The Vesta EV will sell at about $40,000, almost twice more than ElLada's price of about $20,000. Source: Dmitry Serebryakov / TASS
Russian auto manufacturing company AvtoVAZ presented its EV prototype for the Lada Vesta this summer. This was the second electric car made by the Tolyatti-based manufacturer, located around 1,000 kilometres southeast of Moscow. ElLada was the first, appearing as a prototype in 2012, and was based on the popular Lada Kalina.
Traditionally, electric cars have not been popular with Russian drivers because of a lack of infrastructure, harsh climatic conditions, high price, and limited mileage on a single charge.
However, Vladimir Pirozhkov, president of the Astra Rossa Industrial Design and Innovation Centre, believes Russia needs electric cars.
"It's hard to breathe in Moscow, and an electric car is environmentally-friendly," said Pirozhkov. "For large cities it's a good way to solve environmental problems."
Denis Manturov, Russia's Industry and Trade Minister, took a strong interest in the Vesta EV and one is now parked in his garage. This makes Manturov the sole owner of a Vesta EV.
Mass production also could soon be a reality. Russia's nuclear power corporation, Rosatom, wants to buy 3,000 to 6,000 Vesta EVs, and the company might help build electric vehicle charging stations. The deal has not however, been signed yet.

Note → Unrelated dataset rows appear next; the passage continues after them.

text \<open>Distances below 1 are handled by the Hoelder constant, larger ones by the sup bound.\<close>

lemma holder_with_exponent_mono:
  assumes "0 < a" "a \<le> b" "bounded_by g S" "holder_with b g K" "0 \<le> K"
  shows "holder_with a g (K + 2 * S)"
  unfolding holder_with_def
proof (intro allI)
  fix x y
  have S: "0 \<le> S" using assms(3) by (rule bounded_by_nonneg)
  have osc: "\<bar>g x - g y\<bar> \<le> 2 * S"
    using assms(3) unfolding bounded_by_def by (smt (verit) abs_triangle_ineq4)
  show "\<bar>g x - g y\<bar> \<le> (K + 2 * S) * dist x y powr a"
  proof (cases "dist x y \<le> 1")
    case True
    have "dist x y powr b \<le> dist x y powr a" using True assms by (intro powr_mono') auto
    then have "\<bar>g x - g y\<bar> \<le> K * dist x y powr a"
      using assms(4,5) unfolding holder_with_def by (meson mult_left_mono order_trans)
    then show ?thesis using S by (simp add: algebra_simps add_increasing2)
  next
    case False
    then have "1 \<le> dist x y powr a" using assms by (simp add: ge_one_powr_ge_zero)
    then have "2 * S \<le> 2 * S * dist x y powr a" using S
      by (metis mult.right_neutral mult_left_mono mult_nonneg_nonneg zero_le_numeral)
    then show ?thesis using osc assms(5) by (simp add: algebra_simps add_increasing)
  qed
qed

lemma holder_with_imp_continuous:
  assumes "0 < a" "holder_with a g K"
  shows "continuous_on UNIV g"
proof -
  have "isCont g x" for x
  proof -
    have bound: "\<forall>\<^sub>F y in at x. norm (g y - g x) \<le> K * dist y x powr a"
      using assms(2) unfolding holder_with_def real_norm_def by (blast intro: always_eventually)
    have "((\<lambda>y. dist y x) \<longlongrightarrow> 0) (at x)"
      using tendsto_dist[OF tendsto_ident_at tendsto_const, of x x UNIV] by simp
    then have "((\<lambda>y. dist y x powr a) \<longlongrightarrow> 0) (at x)"
      using assms(1) by (intro tendsto_zero_powrI[where b = a]) simp_all
    then have "((\<lambda>y. K * dist y x powr a) \<longlongrightarrow> 0) (at x)"
      by (rule tendsto_mult_right_zero)
    with bound have "((\<lambda>y. g y - g x) \<longlongrightarrow> 0) (at x)"
      by (rule Lim_null_comparison)
    then show ?thesis unfolding isCont_def by (simp add: LIM_zero_iff)
  qed
  then show ?thesis by (simp add: continuous_on_eq_continuous_at)
qed

lemma C0_memI: "periodic g \<Longrightarrow> 0 < a \<Longrightarrow> holder_with a g K \<Longrightarrow> g \<in> C0 a"
  unfolding C0_def holder_def using holder_with_imp_continuous[of a g K]
  by (auto simp: holder_with_def)

lemma C0_norm_le:
  fixes g :: "real^('d::finite) \<Rightarrow> real"
  assumes "bounded_by g S" "holder_with a g K"
  shows "C0_norm a g \<le> S + K"
proof -
  have "supnorm g \<le> S" unfolding supnorm_def
    using assms(1) unfolding bounded_by_def by (intro cSUP_least) auto
  moreover have "holder_seminorm a g \<le> K" unfolding holder_seminorm_def
  proof (rule cSUP_least)
    have "axis undefined 1 \<noteq> (0 :: real^'d)" by (simp add: axis_eq_0_iff)
    then show "{(x, y). x \<noteq> (y::real^'d)} \<noteq> {}" by blast
  next
    fix p :: "(real^'d) \<times> (real^'d)" assume "p \<in> {(x, y). x \<noteq> y}"
    then have "dist (fst p) (snd p) powr a > 0" by auto
    then show "norm (g (fst p) - g (snd p)) / dist (fst p) (snd p) powr a \<le> K"
      using assms(2) unfolding holder_with_def by (simp add: divide_le_eq)
  qed
  ultimately show ?thesis unfolding C0_norm_def by simp
qed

AvtoVAZ's first electric car, ElLada, was not successful because consumers found it expensive. Most went unsold, and only eight electric cars were shipped to Kislovodsk (1,600 km south of Moscow) to be used as taxis.
Electric car engineer Igor Korkhov has owned an ElLada for more than a year.

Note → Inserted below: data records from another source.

lemma card_factors_alt_lyndon_phi_inf_le:
  "card (factors (alt_lyndon phi_inf) n)
    \<le> (n + 1) ^ 2 * card (factors (alt_lyndon phi_inf) ((n + 2) div 3))"
proof -
  let ?D = "{..n} \<times> {..n} \<times> factors (alt_lyndon phi_inf) ((n + 2) div 3)"
  have "card (factors (alt_lyndon phi_inf) n) \<le> card ?D"
    by (rule surj_card_le[OF _ factors_alt_lyndon_phi_inf_subset])
      (simp add: alt_lyndon_phi_inf.finite_factors)
  also have "\<dots> = (n + 1) ^ 2 * card (factors (alt_lyndon phi_inf) ((n + 2) div 3))"
    by (simp only: card_cartesian_product card_atMost power2_eq_square Suc_eq_plus1 mult.assoc)
  finally show ?thesis .
qed

lemma card_factors_alt_lyndon_phi_inf_poly:
  "n \<le> 3 ^ k \<Longrightarrow> card (factors (alt_lyndon phi_inf) n) \<le> 2 * (n + 1) ^ (2 * k)"
proof (induction k arbitrary: n)
  case 0
  from 0 have "Suc (phi_inf 0) ^ n \<le> 2"
    by (cases n) (simp_all add: phi_inf_0)
  with alt_lyndon_phi_inf.card_factors_le[of n] show ?case
    by simp
next
  case (Suc k)
  let ?c = "(n + 2) div 3"
  have "card (factors (alt_lyndon phi_inf) n)
      \<le> (n + 1) ^ 2 * card (factors (alt_lyndon phi_inf) ?c)"
    by (rule card_factors_alt_lyndon_phi_inf_le)
  also have "\<dots> \<le> (n + 1) ^ 2 * (2 * (?c + 1) ^ (2 * k))"
    using Suc by simp
  also have "\<dots> \<le> (n + 1) ^ 2 * (2 * (n + 1) ^ (2 * k))"
    by (intro mult_left_mono power_mono) simp_all
  also have "\<dots> = 2 * (n + 1) ^ (2 * Suc k)"
    by (simp only: mult_Suc_right power_add mult.left_commute)
  finally show ?case .
qed

lemma quasi_polynomial_exponent_tendsto_0:
  "(\<lambda>n. (ln 2 + 2 * (log 3 n + 1) * ln (real n + 1)) / real n) \<longlonglongrightarrow> 0"
  by real_asymp

lemma ln_card_factors_alt_lyndon_phi_inf_le:
  assumes "1 \<le> n"
  shows "ln (card (factors (alt_lyndon phi_inf) n)) \<le> ln 2 + 2 * (log 3 n + 1) * ln (real n + 1)"
proof -
  define k where "k = nat \<lceil>log 3 n\<rceil>"
  have "0 \<le> log 3 n"
    using assms by simp
  then have "real k = \<lceil>log 3 n\<rceil>"
    unfolding k_def by simp
  then have k: "log 3 n \<le> k" "k \<le> log 3 n + 1"
    by (simp_all add: le_of_int_ceiling of_int_ceiling_le_add_one)
  have "real n = 3 powr (log 3 n)"
    using assms by simp
  also have "\<dots> \<le> 3 ^ k"
    using k(1) by (simp add: powr_realpow[symmetric])
  finally have "n \<le> 3 ^ k"
    by (simp flip: of_nat_le_iff)
  then have "real (card (factors (alt_lyndon phi_inf) n)) \<le> real (2 * (n + 1) ^ (2 * k))"
    by (simp only: of_nat_le_iff card_factors_alt_lyndon_phi_inf_poly)
  then have "ln (card (factors (alt_lyndon phi_inf) n)) \<le> ln (2 * (real n + 1) ^ (2 * k))"
    using alt_lyndon_phi_inf.card_factors_pos[of n] by (simp add: add.commute)
  also have "\<dots> = ln 2 + (2 * k) * ln (real n + 1)"
    by (simp add: ln_mult_pos ln_realpow)
  also have "\<dots> \<le> ln 2 + 2 * (log 3 n + 1) * ln (real n + 1)"
    using k(2) by (intro add_left_mono mult_right_mono) simp_all
  finally show ?thesis .
qed

lemma entropy_zero_phi_inf: "entropy_tends (alt_lyndon phi_inf) 0"
  unfolding entropy_tends_def
proof (rule tendsto_sandwich[of "\<lambda>_. 0" _ _ "\<lambda>n. (ln 2 + 2 * (log 3 n + 1) * ln (real n + 1)) / n"])
  show "\<forall>\<^sub>F n in sequentially. 0 \<le> ln (card (factors (alt_lyndon phi_inf) n)) / n"
    using alt_lyndon_phi_inf.card_factors_pos by (simp add: Suc_le_eq)
  show "\<forall>\<^sub>F n in sequentially.
      ln (card (factors (alt_lyndon phi_inf) n)) / n
        \<le> (ln 2 + 2 * (log 3 n + 1) * ln (real n + 1)) / n"
    using ln_card_factors_alt_lyndon_phi_inf_le
    by (intro eventually_sequentiallyI[of 1] divide_right_mono) simp_all
qed (use quasi_polynomial_exponent_tendsto_0 in simp_all)

theorem proposition5:
  shows "(\<forall>n. \<exists>h>0. entropy_tends (alt_lyndon (eventually_periodic (u n) (v n))) h)
       \<and> entropy_tends (alt_lyndon phi_inf) 0"
  using entropy_pos_u_v entropy_zero_phi_inf by blast

end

"The mileage on a single charge is substantially higher than other electric cars," said Korkhov. "In spite of the official data, ElLada's real mileage is 180 to 220 km in summer, and 120 to 150 km in the winter. The new Vesta, however, offers better mileage than ElLada."
The Vesta EV has an improved performance and, instead of the ElLada's lithium-iron-phosphate batteries, the Vesta EV has a lithium-ion battery. AvtoVAZ also claims the Vesta EV can travel 150 km on a single charge, or 10 km more than ElLada in the summer, if the air conditioners are kept off. Otherwise, the vehicle can't travel more than 100 km. In comparison, Tesla's Model S claims a maximum driving range of 407 km.
AvtoVAZ recently sent some EV cars to Crimea, but given the specifications, they are unlikely to be popular there. The peninsula is very hot in summer, so the air conditioning must be kept on all the time.
"Production plans are being finalized," said Artyom Manyukhin, head of communications at AvtoVAZ's press centre. "It's too early to talk about sales. We are studying market demand. Cost will also depend on the modifications that the new car needs. These cars are prototypes and are subject to continuous improvement.''
Konstantin Kotlyarov, head of AvtoVAZ's innovative projects, said the Vesta EV will sell at close to $40,000, almost twice more than ElLada's price of around $20,000.
Despite all the challenges, AvtoVAZ believes the Vesta EV will be a strong competitor to international counterparts. Kotlyarov said the electric vehicle has high export potential because it offers a more competitive price while having the same features as other EV cars.
Electric cars manufactured by Tesla in the U.S. currently sell at about $70,000. However, even on this front, the Americans will soon become a formidable competitor when Tesla starts to sell the Model 3 at the end of 2017. That car is set to be priced at around $35,000.